In the entries that follow, which lines hold the string "cases"? List them.

(Saved entries)
────

lemma packing_sum_le_at_level:
  fixes P :: "('a::metric_space \<times> real) set"
  assumes "finite P" and PS: "fst ` P \<subseteq> S" and disj: "disjoint_family_on (\<lambda>(c, r). cball c r) P"
    and level: "\<And>p. p \<in> P \<Longrightarrow> \<rho> ^ Suc k < snd p \<and> snd p \<le> \<rho> ^ k" and "0 \<le> \<rho>" "0 \<le> \<sigma>"
    and sep: "\<And>X. X \<subseteq> S \<Longrightarrow> pairwise (\<lambda>x y. \<rho> ^ Suc k < dist x y) X \<Longrightarrow>
                finite X \<and> real (card X) * (2 * \<rho> ^ k) powr \<sigma> \<le> A"
  shows "(\<Sum>p\<in>P. (2 * snd p) powr \<sigma>) \<le> A"
proof -
  have pos: "0 < snd p" if "p \<in> P" for p
    using level[OF that] \<open>0 \<le> \<rho>\<close> zero_le_power[of \<rho> "Suc k"] by linarith
  have far: "snd p < dist (fst p) (fst p')" if "p \<in> P" "p' \<in> P" "p \<noteq> p'" for p p'
  proof -
    have "cball (fst p) (snd p) \<inter> cball (fst p') (snd p') = {}"
      using disj that unfolding disjoint_family_on_def by (auto simp: case_prod_beta)
    moreover have "fst p' \<in> cball (fst p') (snd p')"
      using pos[OF that(2)] by simp
    ultimately have "fst p' \<notin> cball (fst p) (snd p)"
      by blast
    then show ?thesis
      by (simp add: not_le)
  qed
  have "inj_on fst P"
  proof (rule inj_onI, rule ccontr)
    fix p p' assume "p \<in> P" "p' \<in> P" "fst p = fst p'" "p \<noteq> p'"
    then show False
      using far[of p p'] pos[of p] by simp
  qed
  have "pairwise (\<lambda>x y. \<rho> ^ Suc k < dist x y) (fst ` P)"
    unfolding pairwise_def using far level by (force intro: less_trans)
  then have bound: "real (card (fst ` P)) * (2 * \<rho> ^ k) powr \<sigma> \<le> A"
    using sep PS by blast
  have "(\<Sum>p\<in>P. (2 * snd p) powr \<sigma>) \<le> (\<Sum>p\<in>P. (2 * \<rho> ^ k) powr \<sigma>)"
    using level pos \<open>0 \<le> \<sigma>\<close> by (intro sum_mono powr_mono2) (auto intro: less_imp_le)
  also have "\<dots> = real (card (fst ` P)) * (2 * \<rho> ^ k) powr \<sigma>"
    using \<open>inj_on fst P\<close> by (simp add: card_image)
  finally show ?thesis
    using bound by linarith
qed

text \<open>The balls of a packing are grouped by the level \<open>k\<close> with \<open>\<rho>^(k+1) < r \<le> \<rho>^k\<close> of their radii.\<close>

lemma packing_pre_le_geometric:
  fixes S :: "'a::metric_space set"
  assumes \<rho>: "0 < \<rho>" "\<rho> < 1" and "0 \<le> \<sigma>" "0 \<le> q" "q < 1"
    and sep: "\<And>k X. X \<subseteq> S \<Longrightarrow> pairwise (\<lambda>x y. \<rho> ^ Suc k < dist x y) X \<Longrightarrow>
                finite X \<and> real (card X) * (2 * \<rho> ^ k) powr \<sigma> \<le> A * q ^ k"
  shows "packing_pre \<sigma> (\<rho> ^ L) S \<le> ennreal (A * q ^ L / (1 - q))"
  unfolding packing_pre_def
proof (rule SUP_least, safe)
  fix P :: "('a \<times> real) set"
  assume finP: "finite P" and PS: "P \<subseteq> S \<times> {0<..\<rho> ^ L}"
    and disj: "disjoint_family_on (\<lambda>(c, r). cball c r) P"
  define lev where "lev p = (SOME k. \<rho> ^ Suc k < snd p \<and> snd p \<le> \<rho> ^ k)" for p :: "'a \<times> real"
  have lev: "\<rho> ^ Suc (lev p) < snd p \<and> snd p \<le> \<rho> ^ lev p" if "p \<in> P" for p
  proof -
    have "0 < snd p" "snd p \<le> 1"
      using PS that \<rho> power_le_one[of \<rho> L] by force+
    then show ?thesis
      unfolding lev_def by (rule someI_ex[OF ex_power_bracket[OF \<rho>]])
  qed
  have "L < Suc (lev p)" if "p \<in> P" for p
  proof -
    have "\<rho> ^ Suc (lev p) < \<rho> ^ L"
      using lev[OF that] PS that by force
    then show ?thesis
      by (subst (asm) power_strict_decreasing_iff[OF \<rho>])
  qed
  then have lev_ge: "lev ` P \<subseteq> {L..}"
    by (auto simp: less_Suc_eq_le)
  have A: "0 \<le> A"
    using sep[of "{}" 0] by simp
  have "(\<Sum>p\<in>P. (2 * snd p) powr \<sigma>) = (\<Sum>k\<in>lev ` P. \<Sum>p\<in>{p \<in> P. lev p = k}. (2 * snd p) powr \<sigma>)"
    using finP by (intro sum.group[symmetric]) auto
  also have "\<dots> \<le> (\<Sum>k\<in>lev ` P. A * q ^ k)"
  proof (rule sum_mono)
    fix k
    show "(\<Sum>p\<in>{p \<in> P. lev p = k}. (2 * snd p) powr \<sigma>) \<le> A * q ^ k"
    proof (rule packing_sum_le_at_level[OF _ _ _ _ _ \<open>0 \<le> \<sigma>\<close> sep])
      show "disjoint_family_on (\<lambda>(c, r). cball c r) {p \<in> P. lev p = k}"
        using disj by (rule disjoint_family_on_mono[rotated]) auto
    qed (use finP PS lev \<rho> in auto)
  qed
  also have "\<dots> \<le> A * (q ^ L / (1 - q))"
    unfolding sum_distrib_left[symmetric]
    using A finP lev_ge \<open>0 \<le> q\<close> \<open>q < 1\<close> by (intro mult_left_mono sum_power_le_geometric) auto
  finally have "(\<Sum>p\<in>P. (2 * snd p) powr \<sigma>) \<le> A * q ^ L / (1 - q)"
    by simp
  then show "(\<Sum>(c, r)\<in>P. ennreal ((2 * r) powr \<sigma>)) \<le> ennreal (A * q ^ L / (1 - q))"
    by (simp add: case_prod_beta sum_ennreal ennreal_leI)
qed

lemma packing_measure_eq_0_if_separated_geometric:
  fixes S :: "'a::metric_space set"
  assumes \<rho>: "0 < \<rho>" "\<rho> < 1" and "0 \<le> \<sigma>" "0 \<le> q" "q < 1"
    and sep: "\<And>k X. X \<subseteq> S \<Longrightarrow> pairwise (\<lambda>x y. \<rho> ^ Suc k < dist x y) X \<Longrightarrow>
                finite X \<and> real (card X) * (2 * \<rho> ^ k) powr \<sigma> \<le> A * q ^ k"
  shows "packing_measure \<sigma> S = 0"
proof -
  have "packing_zero \<sigma> S \<le> ennreal (A * q ^ L / (1 - q))" for L
  proof -
    have "packing_zero \<sigma> S \<le> packing_pre \<sigma> (\<rho> ^ L) S"
      unfolding packing_zero_def using \<rho> by (intro INF_lower) simp
    also have "\<dots> \<le> ennreal (A * q ^ L / (1 - q))"
      using packing_pre_le_geometric[OF assms] .
    finally show ?thesis .
  qed
  moreover have "(\<lambda>L. ennreal (A * q ^ L / (1 - q))) \<longlonglongrightarrow> ennreal (A * 0 / (1 - q))"
    using assms by (intro tendsto_ennrealI tendsto_mult tendsto_divide tendsto_const LIMSEQ_power_zero) auto
  ultimately have "packing_zero \<sigma> S \<le> ennreal 0"
    using LIMSEQ_le_const by fastforce
  then have zero: "packing_zero \<sigma> S = 0"
    by simp
  define B where "B i = (if i = 0 then S else {})" for i :: nat
  have "packing_measure \<sigma> S \<le> (\<Sum>i. packing_zero \<sigma> (B i))"
    unfolding packing_measure_def by (rule INF_lower) (auto simp: B_def)
  also have "\<dots> = 0"
  proof -
    have "packing_zero \<sigma> (B i) = 0" for i
      by (cases "i = 0") (simp_all add: B_def zero packing_zero_empty)
    then show ?thesis by simp
  qed
  finally show ?thesis
    by simp
qed

lemma has_box_dim_if_log_covering_number_close:
  assumes "\<And>\<delta>. 0 < \<delta> \<Longrightarrow> \<delta> < 1 \<Longrightarrow> \<bar>ln (real (covering_number \<delta> S)) - d * - ln \<delta>\<bar> \<le> E"
  shows "has_box_dim S d"
proof -
  let ?N = "\<lambda>\<delta>. real (covering_number \<delta> S)"
  have bound: "\<bar>ln (?N \<delta>) / - ln \<delta> - d\<bar> \<le> E / - ln \<delta>" if "0 < \<delta>" "\<delta> < 1" for \<delta>
  proof -
    have pos: "0 < - ln \<delta>"
      using that by simp
    have eq: "ln (?N \<delta>) / - ln \<delta> - d = (ln (?N \<delta>) - d * - ln \<delta>) / - ln \<delta>"
      using pos by (simp add: field_simps)
    have "\<bar>ln (?N \<delta>) - d * - ln \<delta>\<bar> / - ln \<delta> \<le> E / - ln \<delta>"
      by (intro divide_right_mono) (use assms[OF that] pos in auto)
    then show ?thesis
      unfolding eq abs_divide abs_of_pos[OF pos] .
  qed
  have "filterlim (\<lambda>\<delta>::real. - ln \<delta>) at_top (at_right 0)"
    by (subst filterlim_uminus_at_top) (simp add: ln_at_0)
  then have lim: "((\<lambda>\<delta>. E / - ln \<delta>) \<longlongrightarrow> 0) (at_right 0)"
    by (intro tendsto_divide_0[OF tendsto_const] filterlim_at_top_imp_at_infinity)
  have "eventually (\<lambda>\<delta>. norm (ln (?N \<delta>) / - ln \<delta> - d) \<le> E / - ln \<delta>) (at_right (0::real))"
    unfolding eventually_at_right_field using bound by (intro exI[of _ 1]) auto
  then have "((\<lambda>\<delta>. ln (?N \<delta>) / - ln \<delta> - d) \<longlongrightarrow> 0) (at_right 0)"
    using lim by (rule Lim_null_comparison)
  then show ?thesis
    unfolding has_box_dim_def by (rule LIM_zero_cancel)
qed

section \<open>Sets coded by coin-tossing sequences\<close>

definition coin_space :: "(nat \<Rightarrow> bool) measure" where
  "coin_space = PiM UNIV (\<lambda>_. measure_pmf (bernoulli_pmf (1 / 2)))"

lemma prob_space_coin_space: "prob_space coin_space"
  unfolding coin_space_def by (intro prob_space_PiM prob_space_measure_pmf)

lemma space_coin_space [simp]: "space coin_space = UNIV"
  by (simp add: coin_space_def space_PiM)

lemma cylinder_eq_prod_emb:
  assumes "v \<in> I \<rightarrow>\<^sub>E UNIV"
  shows "{\<omega>. restrict \<omega> I = v} =
           prod_emb UNIV (\<lambda>_. measure_pmf (bernoulli_pmf (1 / 2))) I (\<Pi>\<^sub>E j\<in>I. {v j})"
  using assms by (auto simp: prod_emb_def PiE_def extensional_def restrict_def fun_eq_iff)

lemma sets_coin_space_cylinder:
  assumes "finite I"
  shows "{\<omega>. restrict \<omega> I = v} \<in> sets coin_space"
proof (cases "v \<in> I \<rightarrow>\<^sub>E UNIV")
  case True
  then show ?thesis
    unfolding cylinder_eq_prod_emb[OF True] coin_space_def using assms by (intro sets_PiM_I) auto
next
  case False
  then have "{\<omega>. restrict \<omega> I = v} = {}"
    by auto
  then show ?thesis
    by simp
qed

lemma emeasure_coin_space_cylinder:
  assumes "finite I" "v \<in> I \<rightarrow>\<^sub>E UNIV"
  shows "emeasure coin_space {\<omega>. restrict \<omega> I = v} = ennreal ((1 / 2) ^ card I)"
proof -
  have "emeasure coin_space {\<omega>. restrict \<omega> I = v} =
          (\<Prod>j\<in>I. emeasure (measure_pmf (bernoulli_pmf (1 / 2))) {v j})"
    unfolding cylinder_eq_prod_emb[OF assms(2)] coin_space_def
    using assms(1) by (intro emeasure_PiM_emb) (auto intro: prob_space_measure_pmf)
  also have "\<dots> = (\<Prod>j\<in>I. ennreal (1 / 2))"
    by (intro prod.cong refl) (simp add: emeasure_pmf_single)
  also have "\<dots> = ennreal ((1 / 2) ^ card I)"
    by (subst prod_constant) (rule ennreal_power, simp)
  finally show ?thesis .
qed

────

■ **Output for this exercise**:
      by (cases "i = 0") (simp_all add: B_def zero packing_zero_empty)
proof (cases "v \<in> I \<rightarrow>\<^sub>E UNIV")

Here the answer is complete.